(Beginning of TASK INPUT)
(* Let $\Theta$ be a variety, $H\in\Theta$, $X=\{x_1,\dots,x_n\}\in\Gamma^0$, and let $s:W(X^0)\to W(X)$ be a special homomorphism. Then for every $X$-special formula $u=u(x_1,\dots,x_n;y_1,\dots,y_m)\in\Phi(X^0)$ and every point $\mu:W(X)\to H$ we have $u\in Tp^H(\mu)$ if and only if $s_*u\in LKer(\mu)$.
   Context: Fix a variety $\Theta$ of algebras; $X^0$ is an infinite set of variables, $\Gamma^0$ the set of its finite subsets, $W(X)$ the free $\Theta$-algebra on $X$. For $H\in\Theta$, points are homomorphisms $\mu:W(X)\to H$ (also for $X=X^0$). $\Phi(X^0)$ is the (one-sorted) algebra of first-order formulas, modulo logical equivalence, built from equalities $w\equiv w'$ ($w,w'\in W(X^0)$) with Boolean connectives and quantifiers $\exists x$, $x\in X^0$; $Val^{X^0}_H(u)$ is the set of $\eta:W(X^0)\to H$ satisfying $u$. For $X\in\Gamma^0$, $\Phi(X)$ is the $X$-sort of the multi-sorted algebra of formulas (the free multi-sorted Halmos algebra over $\Theta$ generated by equalities), with homomorphism $Val^X_H:\Phi(X)\to$ (subsets of $\mathrm{Hom}(W(X),H)$), and $LKer(\mu)=\{u\in\Phi(X):\mu\in Val^X_H(u)\}$. A homomorphism $s:W(X^0)\to W(X)$ is special if $s(x)=x$ for all $x\in X$; it induces $s_*:\Phi(X^0)\to\Phi(X)$ with $Val^X_H(s_*u)=\{\mu:W(X)\to H\mid \mu s\in Val^{X^0}_H(u)\}$. A formula $u\in\Phi(X^0)$ is $X$-special if every free variable of $u$ lies in $X$ and every bound variable lies in $X^0\setminus X$ (not all of $X$ need occur). For $\mu:W(X)\to H$ with $a_i=\mu(x_i)$, $Tp^H(\mu)$ is the set of $X$-special formulas $u(x_1,\dots,x_n;y_1,\dots,y_m)$ such that $u(a_1,\dots,a_n;y_1,\dots,y_m)$ holds in $H$. *)

theory Defs
  imports Main "HOL-Library.FuncSet"
begin

datatype ('op, 'v) trm = Var 'v | App 'op "('op, 'v) trm list"

fun trm_vars :: "('op, 'v) trm \<Rightarrow> 'v set" where
  "trm_vars (Var x) = {x}"
| "trm_vars (App f ts) = (\<Union>t\<in>set ts. trm_vars t)"

fun trm_wf :: "('op \<Rightarrow> nat) \<Rightarrow> ('op, 'v) trm \<Rightarrow> bool" where
  "trm_wf ar (Var x) = True"
| "trm_wf ar (App f ts) = (length ts = ar f \<and> (\<forall>t\<in>set ts. trm_wf ar t))"

fun trm_eval :: "('op \<Rightarrow> 'a list \<Rightarrow> 'a) \<Rightarrow> ('v \<Rightarrow> 'a) \<Rightarrow> ('op, 'v) trm \<Rightarrow> 'a" where
  "trm_eval F \<eta> (Var x) = \<eta> x"
| "trm_eval F \<eta> (App f ts) = F f (map (trm_eval F \<eta>) ts)"

definition is_algebra :: "('op \<Rightarrow> nat) \<Rightarrow> 'a set \<Rightarrow> ('op \<Rightarrow> 'a list \<Rightarrow> 'a) \<Rightarrow> bool" where
  "is_algebra ar H F \<longleftrightarrow> H \<noteq> {} \<and>
     (\<forall>f as. length as = ar f \<and> set as \<subseteq> H \<longrightarrow> F f as \<in> H)"

text \<open>The variety \<Theta> is given by a set E of identities; H \<in> \<Theta> iff H is an algebra
  satisfying all identities of E.\<close>
definition in_variety ::
  "('op \<Rightarrow> nat) \<Rightarrow> (('op, 'v) trm \<times> ('op, 'v) trm) set \<Rightarrow> 'a set \<Rightarrow> ('op \<Rightarrow> 'a list \<Rightarrow> 'a) \<Rightarrow> bool" where
  "in_variety ar E H F \<longleftrightarrow> is_algebra ar H F \<and>
     (\<forall>(w, w') \<in> E. \<forall>\<eta> \<in> UNIV \<rightarrow> H. trm_eval F \<eta> w = trm_eval F \<eta> w')"

datatype ('op, 'v) fml =
    FFalse
  | FEq "('op, 'v) trm" "('op, 'v) trm"
  | FNeg "('op, 'v) fml"
  | FConj "('op, 'v) fml" "('op, 'v) fml"
  | FDisj "('op, 'v) fml" "('op, 'v) fml"
  | FImp "('op, 'v) fml" "('op, 'v) fml"
  | FEx 'v "('op, 'v) fml"
  | FAll 'v "('op, 'v) fml"

fun fml_wf :: "('op \<Rightarrow> nat) \<Rightarrow> ('op, 'v) fml \<Rightarrow> bool" where
  "fml_wf ar FFalse = True"
| "fml_wf ar (FEq w w') = (trm_wf ar w \<and> trm_wf ar w')"
| "fml_wf ar (FNeg p) = fml_wf ar p"
| "fml_wf ar (FConj p q) = (fml_wf ar p \<and> fml_wf ar q)"
| "fml_wf ar (FDisj p q) = (fml_wf ar p \<and> fml_wf ar q)"
| "fml_wf ar (FImp p q) = (fml_wf ar p \<and> fml_wf ar q)"
| "fml_wf ar (FEx x p) = fml_wf ar p"
| "fml_wf ar (FAll x p) = fml_wf ar p"

fun free_vars :: "('op, 'v) fml \<Rightarrow> 'v set" where
  "free_vars FFalse = {}"
| "free_vars (FEq w w') = trm_vars w \<union> trm_vars w'"
| "free_vars (FNeg p) = free_vars p"
| "free_vars (FConj p q) = free_vars p \<union> free_vars q"
| "free_vars (FDisj p q) = free_vars p \<union> free_vars q"
| "free_vars (FImp p q) = free_vars p \<union> free_vars q"
| "free_vars (FEx x p) = free_vars p - {x}"
| "free_vars (FAll x p) = free_vars p - {x}"

fun bound_vars :: "('op, 'v) fml \<Rightarrow> 'v set" where
  "bound_vars FFalse = {}"
| "bound_vars (FEq w w') = {}"
| "bound_vars (FNeg p) = bound_vars p"
| "bound_vars (FConj p q) = bound_vars p \<union> bound_vars q"
| "bound_vars (FDisj p q) = bound_vars p \<union> bound_vars q"
| "bound_vars (FImp p q) = bound_vars p \<union> bound_vars q"
| "bound_vars (FEx x p) = insert x (bound_vars p)"
| "bound_vars (FAll x p) = insert x (bound_vars p)"

fun sat :: "'a set \<Rightarrow> ('op \<Rightarrow> 'a list \<Rightarrow> 'a) \<Rightarrow> ('v \<Rightarrow> 'a) \<Rightarrow> ('op, 'v) fml \<Rightarrow> bool" where
  "sat H F \<eta> FFalse = False"
| "sat H F \<eta> (FEq w w') = (trm_eval F \<eta> w = trm_eval F \<eta> w')"
| "sat H F \<eta> (FNeg p) = (\<not> sat H F \<eta> p)"
| "sat H F \<eta> (FConj p q) = (sat H F \<eta> p \<and> sat H F \<eta> q)"
| "sat H F \<eta> (FDisj p q) = (sat H F \<eta> p \<or> sat H F \<eta> q)"
| "sat H F \<eta> (FImp p q) = (sat H F \<eta> p \<longrightarrow> sat H F \<eta> q)"
| "sat H F \<eta> (FEx x p) = (\<exists>a\<in>H. sat H F (\<eta>(x := a)) p)"
| "sat H F \<eta> (FAll x p) = (\<forall>a\<in>H. sat H F (\<eta>(x := a)) p)"

text \<open>Val^{X^0}_H(u): the points \<eta> : W(X^0) \<rightarrow> H (given by their values on X^0) satisfying u.\<close>
definition Val0 :: "'a set \<Rightarrow> ('op \<Rightarrow> 'a list \<Rightarrow> 'a) \<Rightarrow> ('op, 'v) fml \<Rightarrow> ('v \<Rightarrow> 'a) set" where
  "Val0 H F u = {\<eta>. \<eta> \<in> UNIV \<rightarrow> H \<and> sat H F \<eta> u}"

text \<open>A special homomorphism s : W(X^0) \<rightarrow> W(X), given by the images \<sigma> v of the free
  generators (as well-formed terms over X), with \<sigma> x = x for x \<in> X.\<close>
definition special_hom :: "('op \<Rightarrow> nat) \<Rightarrow> 'v set \<Rightarrow> ('v \<Rightarrow> ('op, 'v) trm) \<Rightarrow> bool" where
  "special_hom ar X \<sigma> \<longleftrightarrow> (\<forall>v. trm_wf ar (\<sigma> v) \<and> trm_vars (\<sigma> v) \<subseteq> X) \<and> (\<forall>x\<in>X. \<sigma> x = Var x)"

text \<open>The composite \<mu> s : W(X^0) \<rightarrow> H, as a valuation of X^0.\<close>
definition comp_point :: "('op \<Rightarrow> 'a list \<Rightarrow> 'a) \<Rightarrow> ('v \<Rightarrow> 'a) \<Rightarrow> ('v \<Rightarrow> ('op, 'v) trm) \<Rightarrow> 'v \<Rightarrow> 'a" where
  "comp_point F \<mu> \<sigma> = (\<lambda>v. trm_eval F \<mu> (\<sigma> v))"

definition X_special :: "'v set \<Rightarrow> ('op, 'v) fml \<Rightarrow> bool" where
  "X_special X u \<longleftrightarrow> free_vars u \<subseteq> X \<and> bound_vars u \<inter> X = {}"

text \<open>Tp^H(\<mu>): X-special formulas u(x_1..x_n; y) such that u(a_1..a_n; y) holds in H,
  i.e. u is satisfied by every valuation of X^0 in H agreeing with \<mu> on X.\<close>
definition Tp :: "('op \<Rightarrow> nat) \<Rightarrow> 'v set \<Rightarrow> 'a set \<Rightarrow> ('op \<Rightarrow> 'a list \<Rightarrow> 'a) \<Rightarrow> ('v \<Rightarrow> 'a) \<Rightarrow> ('op, 'v) fml set" where
  "Tp ar X H F \<mu> = {u. fml_wf ar u \<and> X_special X u \<and>
      (\<forall>\<eta> \<in> UNIV \<rightarrow> H. (\<forall>x\<in>X. \<eta> x = \<mu> x) \<longrightarrow> sat H F \<eta> u)}"

text \<open>LKer(\<mu>) for a point \<mu> : W(X) \<rightarrow> H, relative to the X-sort \<Phi>(X) with its value
  map ValX : \<Phi>(X) \<rightarrow> subsets of Hom(W(X),H).\<close>
definition LKer :: "('f \<Rightarrow> ('v \<Rightarrow> 'a) set) \<Rightarrow> ('v \<Rightarrow> 'a) \<Rightarrow> 'f set" where
  "LKer ValX \<mu> = {\<phi>. \<mu> \<in> ValX \<phi>}"

end

theory Submission
  imports Defs
begin

text \<open>Both sides say that u holds at the valuation \<mu> s, i.e. at x \<mapsto> \<mu> (s x).
  For LKer this is the defining property of s_star; for Tp^H(\<mu>) it holds because \<mu> s
  agrees with \<mu> on X (s is special) while the truth of u depends only on its free
  variables, all of which lie in X.\<close>

lemma trm_eval_cong:
  "(\<And>x. x \<in> trm_vars t \<Longrightarrow> \<eta> x = \<eta>' x) \<Longrightarrow> trm_eval F \<eta> t = trm_eval F \<eta>' t"
proof (induction t)
  case (App f ts)
  then have "map (trm_eval F \<eta>) ts = map (trm_eval F \<eta>') ts" by (intro map_cong) auto
  then show ?case by (simp only: trm_eval.simps)
qed simp

lemma sat_cong:
  "(\<And>x. x \<in> free_vars p \<Longrightarrow> \<eta> x = \<eta>' x) \<Longrightarrow> sat H F \<eta> p = sat H F \<eta>' p"
proof (induction p arbitrary: \<eta> \<eta>')
  case (FEq w w')
  then have "trm_eval F \<eta> w = trm_eval F \<eta>' w" and "trm_eval F \<eta> w' = trm_eval F \<eta>' w'"
    by (auto intro: trm_eval_cong)
  then show ?case by simp
next
  case (FNeg p)
  have "sat H F \<eta> p = sat H F \<eta>' p" by (rule FNeg.IH) (simp add: FNeg.prems)
  then show ?case by simp
next
  case (FConj p q)
  have "sat H F \<eta> p = sat H F \<eta>' p" by (rule FConj.IH) (simp add: FConj.prems)
  moreover have "sat H F \<eta> q = sat H F \<eta>' q" by (rule FConj.IH) (simp add: FConj.prems)
  ultimately show ?case by simp
next
  case (FDisj p q)
  have "sat H F \<eta> p = sat H F \<eta>' p" by (rule FDisj.IH) (simp add: FDisj.prems)
  moreover have "sat H F \<eta> q = sat H F \<eta>' q" by (rule FDisj.IH) (simp add: FDisj.prems)
  ultimately show ?case by simp
next
  case (FImp p q)
  have "sat H F \<eta> p = sat H F \<eta>' p" by (rule FImp.IH) (simp add: FImp.prems)
  moreover have "sat H F \<eta> q = sat H F \<eta>' q" by (rule FImp.IH) (simp add: FImp.prems)
  ultimately show ?case by simp
next
  case (FEx x p)
  have "\<And>a. sat H F (\<eta>(x := a)) p = sat H F (\<eta>'(x := a)) p"
    by (rule FEx.IH) (simp add: FEx.prems)
  then show ?case by simp
next
  case (FAll x p)
  have "\<And>a. sat H F (\<eta>(x := a)) p = sat H F (\<eta>'(x := a)) p"
    by (rule FAll.IH) (simp add: FAll.prems)
  then show ?case by simp
qed simp

lemma trm_eval_in_carrier:
  assumes "is_algebra ar H F" and "trm_wf ar t" and "\<And>x. x \<in> trm_vars t \<Longrightarrow> \<eta> x \<in> H"
  shows "trm_eval F \<eta> t \<in> H"
  using assms(2,3)
proof (induction t)
  case (App f ts)
  then have "set (map (trm_eval F \<eta>) ts) \<subseteq> H" and "length (map (trm_eval F \<eta>) ts) = ar f"
    by auto
  then show ?case using assms(1) unfolding is_algebra_def by simp
qed simp

lemma comp_point_special:
  "special_hom ar X \<sigma> \<Longrightarrow> x \<in> X \<Longrightarrow> comp_point F \<mu> \<sigma> x = \<mu> x"
  by (simp add: special_hom_def comp_point_def)

lemma comp_point_in_carrier:
  assumes "is_algebra ar H F" and "special_hom ar X \<sigma>" and "\<mu> \<in> X \<rightarrow> H"
  shows "comp_point F \<mu> \<sigma> \<in> UNIV \<rightarrow> H"
proof
  fix v
  have "trm_wf ar (\<sigma> v)" and "trm_vars (\<sigma> v) \<subseteq> X"
    using assms(2) unfolding special_hom_def by auto
  then show "comp_point F \<mu> \<sigma> v \<in> H"
    unfolding comp_point_def using assms(1,3) by (auto intro: trm_eval_in_carrier)
qed

lemma mem_Tp_iff_sat:
  assumes "fml_wf ar u" and "X_special X u"
    and "\<eta> \<in> UNIV \<rightarrow> H" and "\<And>x. x \<in> X \<Longrightarrow> \<eta> x = \<mu> x"
  shows "u \<in> Tp ar X H F \<mu> \<longleftrightarrow> sat H F \<eta> u"
proof
  assume "u \<in> Tp ar X H F \<mu>"
  then show "sat H F \<eta> u" using assms(3,4) unfolding Tp_def by blast
next
  assume \<eta>_sat: "sat H F \<eta> u"
  have "free_vars u \<subseteq> X" using assms(2) unfolding X_special_def by blast
  then have "sat H F \<eta>' u = sat H F \<eta> u" if "\<forall>x\<in>X. \<eta>' x = \<mu> x" for \<eta>'
    using that assms(4) by (intro sat_cong) auto
  then have "sat H F \<eta>' u" if "\<forall>x\<in>X. \<eta>' x = \<mu> x" for \<eta>'
    using \<eta>_sat that by blast
  then show "u \<in> Tp ar X H F \<mu>" using assms(1,2) unfolding Tp_def by blast
qed

theorem theorem3p2:
  fixes ar :: "'op \<Rightarrow> nat"
    and E :: "(('op, 'v) trm \<times> ('op, 'v) trm) set"
    and H :: "'a set" and F :: "'op \<Rightarrow> 'a list \<Rightarrow> 'a"
    and X :: "'v set"
    and \<sigma> :: "'v \<Rightarrow> ('op, 'v) trm"
    and ValX :: "'f \<Rightarrow> ('v \<Rightarrow> 'a) set"
    and s_star :: "('op, 'v) fml \<Rightarrow> 'f"
    and u :: "('op, 'v) fml"
    and \<mu> :: "'v \<Rightarrow> 'a"
  assumes X0_inf: "infinite (UNIV :: 'v set)"
    and HTheta: "in_variety ar E H F"
    and Xfin: "finite X"
    and s_special: "special_hom ar X \<sigma>"
    and s_star_val: "\<And>v. fml_wf ar v \<Longrightarrow>
          ValX (s_star v) = {\<nu>. \<nu> \<in> X \<rightarrow>\<^sub>E H \<and> comp_point F \<nu> \<sigma> \<in> Val0 H F v}"
    and u_wf: "fml_wf ar u"
    and u_special: "X_special X u"
    and mu_point: "\<mu> \<in> X \<rightarrow>\<^sub>E H"
  shows "u \<in> Tp ar X H F \<mu> \<longleftrightarrow> s_star u \<in> LKer ValX \<mu>"
proof -
  have H_algebra: "is_algebra ar H F" using HTheta unfolding in_variety_def by blast
  have "\<mu> \<in> X \<rightarrow> H" using mu_point by (simp add: PiE_def)
  with H_algebra s_special have \<mu>s_point: "comp_point F \<mu> \<sigma> \<in> UNIV \<rightarrow> H"
    by (rule comp_point_in_carrier)
  have "u \<in> Tp ar X H F \<mu> \<longleftrightarrow> sat H F (comp_point F \<mu> \<sigma>) u"
    using u_wf u_special \<mu>s_point comp_point_special[OF s_special] by (rule mem_Tp_iff_sat)
  also have "\<dots> \<longleftrightarrow> s_star u \<in> LKer ValX \<mu>"
    using mu_point \<mu>s_point by (simp add: LKer_def s_star_val[OF u_wf] Val0_def)
  finally show ?thesis .
qed

end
(End of TASK INPUT)
WHAT NEEDS TO BE DONE: Whenever the word "imports" appears in a line of the listing, copy out that line.

WORKED SOLUTION:
  imports Main "HOL-Library.FuncSet"
  imports Defs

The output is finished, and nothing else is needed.